Exercise:
When the string "begin" appears in a line of the records, show the whole line.

────────────────────

(* Let ${\sf r}$ be an admissible reflection coefficient, $Y(\lambda,x,t)$ the solution of RHP 2, and $L(x,t)$ defined by $Y(0,x,t)\sigma_3Y(0,x,t)^{-1}=\sum_{j=1}^3L_j(x,t)\sigma_j$. Then $L_1,L_2,L_3$ are real-valued.
   Context: Fix real $J_1<J_2<J_3$; $\rho=\tfrac12\sqrt{J_3-J_1}$, $k=\sqrt{(J_2-J_1)/(J_3-J_1)}$, $K=K(k)$, $K'=K(\sqrt{1-k^2})$. $w_1=\rho/\mathrm{sn}(\lambda,k)$, $w_2=\rho\,\mathrm{dn}/\mathrm{sn}$, $w_3=\rho\,\mathrm{cn}/\mathrm{sn}$; torus $\mathbb T^2=\mathbb C/(4K\mathbb Z+4\mathrm iK'\mathbb Z)$; $\sigma_j$ Pauli matrices; $\Gamma_1=\{\Im\lambda=0\}$, $\Gamma_2=\{\Im\lambda=2K'\}$, $\Omega_\pm=\{0\le\pm\Im\lambda\le2K',|\Re\lambda|\le2K\}$. Admissible reflection coefficient: ${\sf r}\in C^\infty(\Gamma_1\cup\Gamma_2)$, ${\sf r}(\lambda+2K)=-{\sf r}(\lambda)$, ${\sf r}(\lambda+2\mathrm iK')=-\overline{{\sf r}(\bar\lambda)}$, ${\sf r}(0)=0$, ${\sf r}^{(n)}(\lambda)=O(\lambda^m)$ as $\lambda\to0$ for all $n,m$. RHP 2: $Y(\lambda,x,t)$ bounded, analytic on $\mathbb T^2\setminus(\Gamma_1\cup\Gamma_2)$, boundary values from $\Omega_\pm$ satisfy $Y_+=Y_-G$, $G=\begin{pmatrix}1+|{\sf r}|^2&\overline{\sf r}e^{-2\mathrm i\vartheta}\\ {\sf r}e^{2\mathrm i\vartheta}&1\end{pmatrix}$, $\vartheta=xw_3-2tw_1w_2$; $\sigma_3Y(\lambda+2K)\sigma_3=Y(\lambda)$, $\sigma_1Y(\lambda+2\mathrm iK')\sigma_1=Y(\lambda)$, $\det Y\equiv1$ (unique up to sign). $Y(0,x,t)$ is the common boundary value at $\lambda=0$. *)

theory Defs
  imports "HOL-Analysis.Analysis" "HOL-Library.Landau_Symbols"
begin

────────────────────

Exercise answer:
   Context: Fix real $J_1<J_2<J_3$; $\rho=\tfrac12\sqrt{J_3-J_1}$, $k=\sqrt{(J_2-J_1)/(J_3-J_1)}$, $K=K(k)$, $K'=K(\sqrt{1-k^2})$. $w_1=\rho/\mathrm{sn}(\lambda,k)$, $w_2=\rho\,\mathrm{dn}/\mathrm{sn}$, $w_3=\rho\,\mathrm{cn}/\mathrm{sn}$; torus $\mathbb T^2=\mathbb C/(4K\mathbb Z+4\mathrm iK'\mathbb Z)$; $\sigma_j$ Pauli matrices; $\Gamma_1=\{\Im\lambda=0\}$, $\Gamma_2=\{\Im\lambda=2K'\}$, $\Omega_\pm=\{0\le\pm\Im\lambda\le2K',|\Re\lambda|\le2K\}$. Admissible reflection coefficient: ${\sf r}\in C^\infty(\Gamma_1\cup\Gamma_2)$, ${\sf r}(\lambda+2K)=-{\sf r}(\lambda)$, ${\sf r}(\lambda+2\mathrm iK')=-\overline{{\sf r}(\bar\lambda)}$, ${\sf r}(0)=0$, ${\sf r}^{(n)}(\lambda)=O(\lambda^m)$ as $\lambda\to0$ for all $n,m$. RHP 2: $Y(\lambda,x,t)$ bounded, analytic on $\mathbb T^2\setminus(\Gamma_1\cup\Gamma_2)$, boundary values from $\Omega_\pm$ satisfy $Y_+=Y_-G$, $G=\begin{pmatrix}1+|{\sf r}|^2&\overline{\sf r}e^{-2\mathrm i\vartheta}\\ {\sf r}e^{2\mathrm i\vartheta}&1\end{pmatrix}$, $\vartheta=xw_3-2tw_1w_2$; $\sigma_3Y(\lambda+2K)\sigma_3=Y(\lambda)$, $\sigma_1Y(\lambda+2\mathrm iK')\sigma_1=Y(\lambda)$, $\det Y\equiv1$ (unique up to sign). $Y(0,x,t)$ is the common boundary value at $\lambda=0$. *)
begin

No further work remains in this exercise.